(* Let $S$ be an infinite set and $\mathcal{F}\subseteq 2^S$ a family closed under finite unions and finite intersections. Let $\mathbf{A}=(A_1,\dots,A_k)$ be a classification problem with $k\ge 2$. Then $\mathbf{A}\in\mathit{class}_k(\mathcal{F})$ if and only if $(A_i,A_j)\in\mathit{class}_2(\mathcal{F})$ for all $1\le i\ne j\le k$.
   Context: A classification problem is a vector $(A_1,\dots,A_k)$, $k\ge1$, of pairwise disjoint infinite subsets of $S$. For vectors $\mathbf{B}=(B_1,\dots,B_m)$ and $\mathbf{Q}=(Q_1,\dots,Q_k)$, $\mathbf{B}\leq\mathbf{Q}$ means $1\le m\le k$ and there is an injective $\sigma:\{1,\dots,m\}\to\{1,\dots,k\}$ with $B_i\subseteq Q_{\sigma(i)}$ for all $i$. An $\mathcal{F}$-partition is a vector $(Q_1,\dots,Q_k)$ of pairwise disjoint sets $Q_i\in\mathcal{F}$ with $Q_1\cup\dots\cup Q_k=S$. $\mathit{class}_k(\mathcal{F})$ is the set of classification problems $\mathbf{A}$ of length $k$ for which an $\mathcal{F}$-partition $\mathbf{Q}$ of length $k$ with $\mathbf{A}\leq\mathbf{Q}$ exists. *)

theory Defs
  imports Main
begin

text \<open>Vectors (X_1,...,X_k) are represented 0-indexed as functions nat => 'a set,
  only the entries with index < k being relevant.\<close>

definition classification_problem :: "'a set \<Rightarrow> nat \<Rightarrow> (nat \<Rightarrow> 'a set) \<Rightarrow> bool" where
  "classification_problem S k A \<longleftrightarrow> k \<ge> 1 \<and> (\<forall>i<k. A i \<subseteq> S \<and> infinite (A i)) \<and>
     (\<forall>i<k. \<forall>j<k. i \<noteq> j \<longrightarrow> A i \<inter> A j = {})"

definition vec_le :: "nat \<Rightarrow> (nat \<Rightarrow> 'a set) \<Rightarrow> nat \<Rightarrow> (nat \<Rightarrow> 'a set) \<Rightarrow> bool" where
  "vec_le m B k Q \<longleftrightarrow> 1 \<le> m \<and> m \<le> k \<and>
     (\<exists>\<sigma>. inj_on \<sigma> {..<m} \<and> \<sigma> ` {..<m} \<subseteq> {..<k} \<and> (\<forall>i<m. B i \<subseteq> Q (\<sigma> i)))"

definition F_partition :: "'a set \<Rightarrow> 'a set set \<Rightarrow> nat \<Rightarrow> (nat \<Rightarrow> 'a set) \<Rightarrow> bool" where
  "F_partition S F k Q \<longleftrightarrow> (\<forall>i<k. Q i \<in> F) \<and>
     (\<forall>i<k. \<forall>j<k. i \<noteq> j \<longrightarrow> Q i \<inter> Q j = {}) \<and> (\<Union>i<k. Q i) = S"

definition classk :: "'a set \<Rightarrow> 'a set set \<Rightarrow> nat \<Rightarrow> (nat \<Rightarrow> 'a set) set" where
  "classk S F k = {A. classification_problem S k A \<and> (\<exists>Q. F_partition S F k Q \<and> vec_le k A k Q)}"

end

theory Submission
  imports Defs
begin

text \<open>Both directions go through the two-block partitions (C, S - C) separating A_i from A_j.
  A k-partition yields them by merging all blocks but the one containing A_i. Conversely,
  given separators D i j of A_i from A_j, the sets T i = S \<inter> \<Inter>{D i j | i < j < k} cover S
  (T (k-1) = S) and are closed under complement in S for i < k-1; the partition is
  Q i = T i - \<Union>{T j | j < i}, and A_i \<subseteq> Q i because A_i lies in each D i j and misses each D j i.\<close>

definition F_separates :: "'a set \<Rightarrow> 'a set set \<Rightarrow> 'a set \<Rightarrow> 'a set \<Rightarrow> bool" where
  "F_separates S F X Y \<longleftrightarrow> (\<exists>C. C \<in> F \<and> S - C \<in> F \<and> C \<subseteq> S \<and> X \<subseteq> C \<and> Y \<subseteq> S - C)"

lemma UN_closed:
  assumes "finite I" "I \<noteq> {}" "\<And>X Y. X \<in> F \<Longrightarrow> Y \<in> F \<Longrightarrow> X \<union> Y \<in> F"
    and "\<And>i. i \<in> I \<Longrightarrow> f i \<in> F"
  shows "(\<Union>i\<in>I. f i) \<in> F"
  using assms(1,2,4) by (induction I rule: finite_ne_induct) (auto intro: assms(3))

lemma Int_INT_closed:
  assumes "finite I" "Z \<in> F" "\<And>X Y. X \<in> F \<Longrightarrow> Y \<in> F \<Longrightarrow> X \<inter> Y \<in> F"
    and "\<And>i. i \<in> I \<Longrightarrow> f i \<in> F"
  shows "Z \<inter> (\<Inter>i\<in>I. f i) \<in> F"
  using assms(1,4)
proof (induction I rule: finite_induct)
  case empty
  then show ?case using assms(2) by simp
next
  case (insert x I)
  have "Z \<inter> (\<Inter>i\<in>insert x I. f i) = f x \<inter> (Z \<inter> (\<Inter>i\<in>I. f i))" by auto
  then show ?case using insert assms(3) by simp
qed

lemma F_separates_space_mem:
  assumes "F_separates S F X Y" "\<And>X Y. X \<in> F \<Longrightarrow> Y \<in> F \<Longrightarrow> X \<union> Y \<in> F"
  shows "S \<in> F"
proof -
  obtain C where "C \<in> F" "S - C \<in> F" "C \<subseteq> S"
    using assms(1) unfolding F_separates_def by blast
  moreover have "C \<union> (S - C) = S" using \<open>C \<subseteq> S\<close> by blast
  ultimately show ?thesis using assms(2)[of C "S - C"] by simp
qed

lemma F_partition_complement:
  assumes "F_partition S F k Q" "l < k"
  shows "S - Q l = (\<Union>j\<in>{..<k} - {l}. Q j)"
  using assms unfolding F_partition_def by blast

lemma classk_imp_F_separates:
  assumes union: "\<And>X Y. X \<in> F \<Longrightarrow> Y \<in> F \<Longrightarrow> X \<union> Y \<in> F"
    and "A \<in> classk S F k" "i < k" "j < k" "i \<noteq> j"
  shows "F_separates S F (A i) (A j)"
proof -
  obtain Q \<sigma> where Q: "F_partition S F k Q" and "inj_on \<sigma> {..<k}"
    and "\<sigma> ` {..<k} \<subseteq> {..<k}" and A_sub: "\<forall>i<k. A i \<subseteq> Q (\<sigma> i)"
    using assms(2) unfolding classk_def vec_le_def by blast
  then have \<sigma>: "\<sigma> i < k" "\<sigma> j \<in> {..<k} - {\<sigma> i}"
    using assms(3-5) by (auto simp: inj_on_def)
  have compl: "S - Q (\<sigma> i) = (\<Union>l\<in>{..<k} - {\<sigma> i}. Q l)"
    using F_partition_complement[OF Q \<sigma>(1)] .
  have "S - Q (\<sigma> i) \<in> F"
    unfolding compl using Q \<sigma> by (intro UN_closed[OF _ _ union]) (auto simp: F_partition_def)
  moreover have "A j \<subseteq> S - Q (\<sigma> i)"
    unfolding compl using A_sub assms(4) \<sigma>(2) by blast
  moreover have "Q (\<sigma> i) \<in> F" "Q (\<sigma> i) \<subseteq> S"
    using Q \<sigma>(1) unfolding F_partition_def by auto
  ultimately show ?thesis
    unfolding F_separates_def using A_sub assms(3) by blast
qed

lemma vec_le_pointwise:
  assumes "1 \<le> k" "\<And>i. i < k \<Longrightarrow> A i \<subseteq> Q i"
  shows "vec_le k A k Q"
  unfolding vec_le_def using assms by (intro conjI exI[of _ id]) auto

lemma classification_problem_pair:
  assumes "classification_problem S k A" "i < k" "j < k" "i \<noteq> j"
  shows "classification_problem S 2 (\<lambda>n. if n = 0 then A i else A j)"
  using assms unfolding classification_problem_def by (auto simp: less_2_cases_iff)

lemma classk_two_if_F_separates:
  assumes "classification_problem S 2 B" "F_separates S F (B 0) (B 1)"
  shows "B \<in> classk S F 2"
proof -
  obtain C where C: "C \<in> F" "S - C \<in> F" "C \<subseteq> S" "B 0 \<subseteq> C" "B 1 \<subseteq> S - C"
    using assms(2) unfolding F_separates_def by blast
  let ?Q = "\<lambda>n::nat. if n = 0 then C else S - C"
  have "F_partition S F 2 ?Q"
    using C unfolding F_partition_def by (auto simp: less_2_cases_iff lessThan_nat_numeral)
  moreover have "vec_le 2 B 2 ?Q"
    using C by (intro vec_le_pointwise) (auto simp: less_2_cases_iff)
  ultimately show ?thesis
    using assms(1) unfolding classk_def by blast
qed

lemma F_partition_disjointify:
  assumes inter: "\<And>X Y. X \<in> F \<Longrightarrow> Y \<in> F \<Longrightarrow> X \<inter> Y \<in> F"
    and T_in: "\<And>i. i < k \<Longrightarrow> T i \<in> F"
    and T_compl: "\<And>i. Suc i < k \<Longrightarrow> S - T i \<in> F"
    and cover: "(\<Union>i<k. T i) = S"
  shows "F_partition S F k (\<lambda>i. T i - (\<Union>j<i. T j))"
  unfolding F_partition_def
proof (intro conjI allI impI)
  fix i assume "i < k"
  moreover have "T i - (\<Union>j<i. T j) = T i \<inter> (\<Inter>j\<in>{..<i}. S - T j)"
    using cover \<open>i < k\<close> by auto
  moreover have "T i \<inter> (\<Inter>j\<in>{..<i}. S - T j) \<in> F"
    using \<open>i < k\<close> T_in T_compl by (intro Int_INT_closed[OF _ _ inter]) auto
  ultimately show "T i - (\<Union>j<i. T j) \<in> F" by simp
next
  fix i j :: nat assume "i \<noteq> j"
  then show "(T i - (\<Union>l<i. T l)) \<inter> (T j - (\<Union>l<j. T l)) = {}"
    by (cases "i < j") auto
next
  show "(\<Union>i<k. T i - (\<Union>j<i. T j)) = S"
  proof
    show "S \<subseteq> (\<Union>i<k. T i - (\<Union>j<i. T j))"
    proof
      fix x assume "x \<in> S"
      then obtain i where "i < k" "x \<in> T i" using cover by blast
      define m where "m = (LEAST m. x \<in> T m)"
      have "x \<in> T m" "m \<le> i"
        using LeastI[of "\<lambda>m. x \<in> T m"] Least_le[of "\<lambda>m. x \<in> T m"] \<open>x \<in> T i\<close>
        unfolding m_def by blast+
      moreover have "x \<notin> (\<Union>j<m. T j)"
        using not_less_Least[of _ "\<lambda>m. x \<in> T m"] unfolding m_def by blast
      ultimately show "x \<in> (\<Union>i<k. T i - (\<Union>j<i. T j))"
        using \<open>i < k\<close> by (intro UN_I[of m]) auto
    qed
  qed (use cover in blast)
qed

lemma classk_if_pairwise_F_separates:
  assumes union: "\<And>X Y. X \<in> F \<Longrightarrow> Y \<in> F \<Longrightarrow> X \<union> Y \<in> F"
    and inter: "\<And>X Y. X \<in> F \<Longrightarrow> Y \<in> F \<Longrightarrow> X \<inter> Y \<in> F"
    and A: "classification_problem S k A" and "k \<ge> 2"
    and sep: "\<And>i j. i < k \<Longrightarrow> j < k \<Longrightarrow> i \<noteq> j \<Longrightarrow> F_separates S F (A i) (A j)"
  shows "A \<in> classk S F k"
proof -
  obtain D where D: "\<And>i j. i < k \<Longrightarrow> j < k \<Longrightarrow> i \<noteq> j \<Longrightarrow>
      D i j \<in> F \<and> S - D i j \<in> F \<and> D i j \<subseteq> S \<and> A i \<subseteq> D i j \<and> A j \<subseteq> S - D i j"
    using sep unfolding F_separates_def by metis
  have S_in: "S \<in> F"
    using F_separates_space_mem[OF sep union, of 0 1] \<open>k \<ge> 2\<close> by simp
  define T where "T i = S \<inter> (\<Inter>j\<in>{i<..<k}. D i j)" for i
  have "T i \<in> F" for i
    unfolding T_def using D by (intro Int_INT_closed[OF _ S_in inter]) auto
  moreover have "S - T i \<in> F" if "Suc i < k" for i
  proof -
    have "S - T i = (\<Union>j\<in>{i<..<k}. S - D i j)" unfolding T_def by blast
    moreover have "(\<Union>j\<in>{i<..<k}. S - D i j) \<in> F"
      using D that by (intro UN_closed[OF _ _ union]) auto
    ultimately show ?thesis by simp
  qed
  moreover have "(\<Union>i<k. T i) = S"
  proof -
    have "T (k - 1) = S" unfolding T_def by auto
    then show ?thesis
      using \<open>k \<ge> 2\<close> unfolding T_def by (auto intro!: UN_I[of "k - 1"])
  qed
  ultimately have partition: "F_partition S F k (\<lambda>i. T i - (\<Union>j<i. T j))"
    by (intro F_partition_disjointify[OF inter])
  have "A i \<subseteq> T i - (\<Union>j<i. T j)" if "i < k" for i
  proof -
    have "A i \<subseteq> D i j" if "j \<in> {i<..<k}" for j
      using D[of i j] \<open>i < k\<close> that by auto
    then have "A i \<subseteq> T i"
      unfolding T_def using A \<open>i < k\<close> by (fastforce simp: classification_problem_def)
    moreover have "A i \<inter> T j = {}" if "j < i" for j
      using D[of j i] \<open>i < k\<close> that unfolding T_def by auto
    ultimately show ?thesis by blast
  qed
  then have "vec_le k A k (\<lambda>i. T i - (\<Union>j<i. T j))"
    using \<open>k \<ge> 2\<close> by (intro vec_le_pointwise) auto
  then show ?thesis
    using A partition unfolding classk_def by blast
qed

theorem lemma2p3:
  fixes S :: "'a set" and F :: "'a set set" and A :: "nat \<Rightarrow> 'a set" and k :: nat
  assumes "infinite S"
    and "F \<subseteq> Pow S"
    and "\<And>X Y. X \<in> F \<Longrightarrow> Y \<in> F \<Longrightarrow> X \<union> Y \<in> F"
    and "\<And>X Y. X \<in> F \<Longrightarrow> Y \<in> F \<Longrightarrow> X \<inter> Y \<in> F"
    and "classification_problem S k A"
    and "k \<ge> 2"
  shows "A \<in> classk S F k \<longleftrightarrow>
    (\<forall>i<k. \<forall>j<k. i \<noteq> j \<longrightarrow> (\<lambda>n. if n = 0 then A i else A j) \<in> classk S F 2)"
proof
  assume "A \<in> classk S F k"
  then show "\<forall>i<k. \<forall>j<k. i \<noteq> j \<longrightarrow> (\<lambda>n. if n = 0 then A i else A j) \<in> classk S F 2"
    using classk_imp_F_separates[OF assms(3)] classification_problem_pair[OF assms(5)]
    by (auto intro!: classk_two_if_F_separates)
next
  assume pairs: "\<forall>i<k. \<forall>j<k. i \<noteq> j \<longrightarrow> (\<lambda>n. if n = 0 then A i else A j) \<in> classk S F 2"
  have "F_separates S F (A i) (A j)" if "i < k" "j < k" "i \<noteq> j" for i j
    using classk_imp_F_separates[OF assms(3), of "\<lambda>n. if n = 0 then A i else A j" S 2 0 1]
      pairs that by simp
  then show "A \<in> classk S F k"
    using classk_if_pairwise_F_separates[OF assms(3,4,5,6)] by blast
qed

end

========================================================================

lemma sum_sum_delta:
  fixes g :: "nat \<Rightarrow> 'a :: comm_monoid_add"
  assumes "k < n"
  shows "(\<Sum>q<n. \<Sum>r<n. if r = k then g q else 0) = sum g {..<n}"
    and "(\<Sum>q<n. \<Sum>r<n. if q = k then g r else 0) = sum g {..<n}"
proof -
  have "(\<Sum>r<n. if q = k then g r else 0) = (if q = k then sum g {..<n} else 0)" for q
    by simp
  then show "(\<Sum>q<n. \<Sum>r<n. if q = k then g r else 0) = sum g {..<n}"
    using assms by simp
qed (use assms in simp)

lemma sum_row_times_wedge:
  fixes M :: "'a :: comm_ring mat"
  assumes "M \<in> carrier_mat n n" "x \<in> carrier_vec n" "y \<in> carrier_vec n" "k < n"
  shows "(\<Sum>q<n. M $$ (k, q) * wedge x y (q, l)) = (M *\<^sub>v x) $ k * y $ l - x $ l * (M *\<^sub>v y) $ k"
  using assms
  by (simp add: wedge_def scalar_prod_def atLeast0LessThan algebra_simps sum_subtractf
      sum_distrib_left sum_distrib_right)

========================================================================

_WORK INSTRUCTION_
In the listing above, find the line with "(* Let $S$ be" and the line with "(\<forall>i<k. \<forall>j<k. i \<noteq> j \<longrightarrow> A", then print exactly those two lines and every line between them, and nothing more.

_SOLUTION TO THE EXERCISE_
(* Let $S$ be an infinite set and $\mathcal{F}\subseteq 2^S$ a family closed under finite unions and finite intersections. Let $\mathbf{A}=(A_1,\dots,A_k)$ be a classification problem with $k\ge 2$. Then $\mathbf{A}\in\mathit{class}_k(\mathcal{F})$ if and only if $(A_i,A_j)\in\mathit{class}_2(\mathcal{F})$ for all $1\le i\ne j\le k$.
   Context: A classification problem is a vector $(A_1,\dots,A_k)$, $k\ge1$, of pairwise disjoint infinite subsets of $S$. For vectors $\mathbf{B}=(B_1,\dots,B_m)$ and $\mathbf{Q}=(Q_1,\dots,Q_k)$, $\mathbf{B}\leq\mathbf{Q}$ means $1\le m\le k$ and there is an injective $\sigma:\{1,\dots,m\}\to\{1,\dots,k\}$ with $B_i\subseteq Q_{\sigma(i)}$ for all $i$. An $\mathcal{F}$-partition is a vector $(Q_1,\dots,Q_k)$ of pairwise disjoint sets $Q_i\in\mathcal{F}$ with $Q_1\cup\dots\cup Q_k=S$. $\mathit{class}_k(\mathcal{F})$ is the set of classification problems $\mathbf{A}$ of length $k$ for which an $\mathcal{F}$-partition $\mathbf{Q}$ of length $k$ with $\mathbf{A}\leq\mathbf{Q}$ exists. *)

theory Defs
  imports Main
begin

text \<open>Vectors (X_1,...,X_k) are represented 0-indexed as functions nat => 'a set,
  only the entries with index < k being relevant.\<close>

definition classification_problem :: "'a set \<Rightarrow> nat \<Rightarrow> (nat \<Rightarrow> 'a set) \<Rightarrow> bool" where
  "classification_problem S k A \<longleftrightarrow> k \<ge> 1 \<and> (\<forall>i<k. A i \<subseteq> S \<and> infinite (A i)) \<and>
     (\<forall>i<k. \<forall>j<k. i \<noteq> j \<longrightarrow> A i \<inter> A j = {})"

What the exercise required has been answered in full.